◆ DATA FOR PROCESSING
subsection \<open>From a block decomposition to a potential\<close>

lemma (in subdivision) block_decomposition_potential:
  assumes LR: "\<forall>k\<le>l. L k \<subseteq> {ns k + 1..ns (Suc k)} \<and> R k \<subseteq> {ns k + 1..ns (Suc k)} \<and> L k \<inter> R k = {}"
    and E: "E = {(i, j). i < j \<and> (\<exists>k\<le>l. i \<in> L k \<and> j \<in> R k)}"
  shows "edge_potential n E
    (\<lambda>i. 2 * real (block i) + (if i \<in> L (block i) then 1 else if i \<in> R (block i) then 0 else 1/2))"
    (is "edge_potential n E ?a")
  unfolding edge_potential_def
proof clarify
  fix i j
  assume "(i, j) \<in> Kedges n"
  then have ij: "1 \<le> i" "i < j" "j \<le> n"
    by (auto simp: Kedges_def)
  have bi: "block i \<le> l" "ns (block i) < i" "i \<le> ns (Suc (block i))"
    and bj: "block j \<le> l" "ns (block j) < j" "j \<le> ns (Suc (block j))"
    using block[of i] block[of j] ij by auto
  have E_iff: "(i, j) \<in> E \<longleftrightarrow> block i = block j \<and> i \<in> L (block i) \<and> j \<in> R (block j)"
  proof
    assume "(i, j) \<in> E"
    then obtain k where k: "k \<le> l" "i \<in> L k" "j \<in> R k"
      using E by auto
    moreover have "ns k < i" "i \<le> ns (Suc k)" "ns k < j" "j \<le> ns (Suc k)"
      using LR k by fastforce+
    ultimately have "block i = k" "block j = k"
      by (simp_all add: block_eqI)
    then show "block i = block j \<and> i \<in> L (block i) \<and> j \<in> R (block j)"
      using k by simp
  qed (use E ij bi in auto)
  have L_not_R: "x \<in> L (block x) \<Longrightarrow> x \<notin> R (block x)" if "x \<in> {i, j}" for x
    using LR bi bj ij that by auto
  show "?a i - ?a j \<le> 1 \<and> ((i, j) \<in> E \<longleftrightarrow> ?a i - ?a j = 1)"
  proof (cases "block i = block j")
    case True
    then show ?thesis using E_iff L_not_R by (auto split: if_splits)
  next
    case False
    have "block i < block j"
    proof (rule ccontr)
      assume "\<not> block i < block j"
      then have "ns (Suc (block j)) \<le> ns (block i)"
        using False bi ns_le[of "Suc (block j)" "block i"] by simp
      then show False using bi bj ij by simp
    qed
    then have "?a i - ?a j \<le> -1"
      by (auto split: if_splits)
    then show ?thesis using E_iff False by auto
  qed
qed

subsection \<open>From a potential to a block decomposition\<close>

lemma edge_potential_no_path2:
  assumes "edge_potential n E a" "E \<subseteq> Kedges n" "(x, y) \<in> E" "(y, z) \<in> E"
  shows False
proof -
  have "(x, y) \<in> Kedges n" "(y, z) \<in> Kedges n"
    using assms by auto
  moreover from this have "(x, z) \<in> Kedges n"
    by (auto simp: Kedges_def)
  ultimately have "a x - a y = 1" "a y - a z = 1" "a x - a z \<le> 1"
    using assms by (fastforce simp: edge_potential_def)+
  then show False by simp
qed

lemma edge_potential_overlap:
  assumes "edge_potential n E a" "E \<subseteq> Kedges n"
    and "(x, y) \<in> E" "(u, v) \<in> E" "x < v" "u < y"
  shows "(x, v) \<in> E"
proof -
  have K: "(x, y) \<in> Kedges n" "(u, v) \<in> Kedges n" "(x, v) \<in> Kedges n" "(u, y) \<in> Kedges n"
    using assms by (auto simp: Kedges_def)
  then have "a x - a y = 1" "a u - a v = 1" "a x - a v \<le> 1" "a u - a y \<le> 1"
    using assms by (fastforce simp: edge_potential_def)+
  then have "a x - a v = 1" by simp
  then show ?thesis using K(3) assms(1) by (auto simp: edge_potential_def)
qed

text \<open>Within a stretch where every cut is crossed, the overlap property propagates an
  out-edge of \<open>i\<close> to the right until it reaches the in-edge of \<open>j\<close>.\<close>

lemma edge_if_cuts_crossed:
  assumes EK: "E \<subseteq> Kedges n"
    and no_path: "\<And>x y z. (x, y) \<in> E \<Longrightarrow> (y, z) \<in> E \<Longrightarrow> False"
    and overlap: "\<And>x y u v. (x, y) \<in> E \<Longrightarrow> (u, v) \<in> E \<Longrightarrow> x < v \<Longrightarrow> u < y \<Longrightarrow> (x, v) \<in> E"
    and ij: "i < j" and out: "(i, j') \<in> E" and into: "(i', j) \<in> E"
    and crossed: "\<And>m. i \<le> m \<Longrightarrow> m < j \<Longrightarrow> cut_crossed E m"
  shows "(i, j) \<in> E"
proof -
  have "i' < j"
    using into EK by (auto simp: Kedges_def)
  then have beyond: "(i, j) \<in> E" if "(i, v) \<in> E" "j < v" for v
    using overlap[OF that(1) into] ij that(2) by simp
  show ?thesis
  proof (cases "j < j'")
    case True
    then show ?thesis using beyond out by blast
  next
    case False
    define Y where "Y = {y. (i, y) \<in> E \<and> y \<le> j}"
    have "finite Y" "j' \<in> Y"
      using False out by (auto simp: Y_def)
    define y where "y = Max Y"
    have "y \<in> Y" and y_max: "\<And>z. z \<in> Y \<Longrightarrow> z \<le> y"
      using Max_in[OF \<open>finite Y\<close>] Max_ge[OF \<open>finite Y\<close>] \<open>j' \<in> Y\<close> by (auto simp: y_def)
    then have iy: "(i, y) \<in> E" "y \<le> j" and "i < y"
      using EK by (auto simp: Y_def Kedges_def)
    show ?thesis
    proof (rule ccontr)
      assume "(i, j) \<notin> E"
      then have "y < j" using iy by (cases "y = j") auto
      then obtain u v where uv: "(u, v) \<in> E" "u \<le> y" "y < v"
        using crossed[of y] \<open>i < y\<close> by (auto simp: cut_crossed_def)
      have "u \<noteq> y" using no_path iy(1) uv(1) by blast
      then have iv: "(i, v) \<in> E"
        using overlap[OF iy(1) uv(1)] \<open>i < y\<close> uv by auto
      then have "\<not> v \<le> j" using y_max[of v] uv by (auto simp: Y_def)
      then show False using beyond[OF iv] \<open>(i, j) \<notin> E\<close> by simp
    qed
  qed
qed

lemma block_decomposition_if_closed:
  assumes "0 < n" and EK: "E \<subseteq> Kedges n"
    and no_path: "\<And>x y z. (x, y) \<in> E \<Longrightarrow> (y, z) \<in> E \<Longrightarrow> False"
    and overlap: "\<And>x y u v. (x, y) \<in> E \<Longrightarrow> (u, v) \<in> E \<Longrightarrow> x < v \<Longrightarrow> u < y \<Longrightarrow> (x, v) \<in> E"
  shows "block_decomposition n E"
proof -
  define S where "S = {0, n} \<union> {m \<in> {1..<n}. \<not> cut_crossed E m}"
  obtain ns l where sub: "subdivision ns l n" and S: "ns ` {..Suc l} = S"
    by (rule subdivision_enumerating[of S n]) (use \<open>0 < n\<close> in \<open>auto simp: S_def\<close>)
  interpret subdivision ns l n
    by (fact sub)
  define L where "L k = {i \<in> {ns k + 1..ns (Suc k)}. \<exists>y. (i, y) \<in> E}" for k
  define R where "R k = {j \<in> {ns k + 1..ns (Suc k)}. \<exists>x. (x, j) \<in> E}" for k
  have inside_crossed: "cut_crossed E m" if "k \<le> l" "ns k < m" "m < ns (Suc k)" for k m
  proof (rule ccontr)
    assume "\<not> cut_crossed E m"
    moreover have "1 \<le> m" "m < n"
      using that ns_le[of "Suc k" "Suc l"] ns_last by auto
    ultimately have "m \<in> ns ` {..Suc l}"
      unfolding S S_def by simp
    then obtain t where "t \<le> Suc l" "ns t = m"
      by auto
    then show False
      using that ns_le[of t k] ns_le[of "Suc k" t] by (cases "t \<le> k") auto
  qed
  have edge_in_block: "j \<le> ns (Suc (block i))" if "(i, j) \<in> E" for i j
  proof (rule ccontr)
    let ?m = "ns (Suc (block i))"
    assume "\<not> j \<le> ?m"
    moreover have "1 \<le> i" "i < j" "j \<le> n"
      using that EK by (auto simp: Kedges_def)
    moreover note bi = block[of i]
    ultimately have "?m \<in> {m \<in> {1..<n}. cut_crossed E m}"
      using that unfolding cut_crossed_def by fastforce
    moreover have "?m \<in> S"
      unfolding S[symmetric] using bi \<open>1 \<le> i\<close> \<open>i < j\<close> \<open>j \<le> n\<close> by auto
    ultimately show False by (auto simp: S_def)
  qed
  have "E = {(i, j). i < j \<and> (\<exists>k\<le>l. i \<in> L k \<and> j \<in> R k)}"
  proof safe
    fix i j
    assume e: "(i, j) \<in> E"
    then have "1 \<le> i" "i < j" "j \<le> n"
      using EK by (auto simp: Kedges_def)
    moreover have "i \<in> L (block i)" "j \<in> R (block i)"
      using calculation e block[of i] edge_in_block[OF e] by (auto simp: L_def R_def)
    ultimately show "i < j" "\<exists>k\<le>l. i \<in> L k \<and> j \<in> R k"
      using block[of i] by auto
  next
    fix i j k
    assume "i < j" "k \<le> l" "i \<in> L k" "j \<in> R k"
    then obtain i' j' where out: "(i, j') \<in> E" and into: "(i', j) \<in> E"
      and bounds: "ns k < i" "j \<le> ns (Suc k)"
      by (auto simp: L_def R_def)
    show "(i, j) \<in> E"
    proof (rule edge_if_cuts_crossed[OF EK no_path overlap \<open>i < j\<close> out into])
      fix m
      assume "i \<le> m" "m < j"
      then show "cut_crossed E m"
        using inside_crossed[of k m] \<open>k \<le> l\<close> bounds by simp
    qed
  qed
  moreover have "L k \<inter> R k = {}" for k
    using no_path by (auto simp: L_def R_def)
  ultimately show ?thesis
    unfolding block_decomposition_def using ns_0 ns_last ns_step
    by (intro exI[of _ l] exI[of _ ns] exI[of _ L] exI[of _ R]) (auto simp: L_def R_def)
qed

◆ TASK DIRECTIONS
From the first line of the listing above to the line that contains "(\<lambda>i. 2 *", inclusive, restate every line word for word. Nothing else belongs in the answer.

◆ WRITTEN RESPONSE
subsection \<open>From a block decomposition to a potential\<close>

lemma (in subdivision) block_decomposition_potential:
  assumes LR: "\<forall>k\<le>l. L k \<subseteq> {ns k + 1..ns (Suc k)} \<and> R k \<subseteq> {ns k + 1..ns (Suc k)} \<and> L k \<inter> R k = {}"
    and E: "E = {(i, j). i < j \<and> (\<exists>k\<le>l. i \<in> L k \<and> j \<in> R k)}"
  shows "edge_potential n E
    (\<lambda>i. 2 * real (block i) + (if i \<in> L (block i) then 1 else if i \<in> R (block i) then 0 else 1/2))"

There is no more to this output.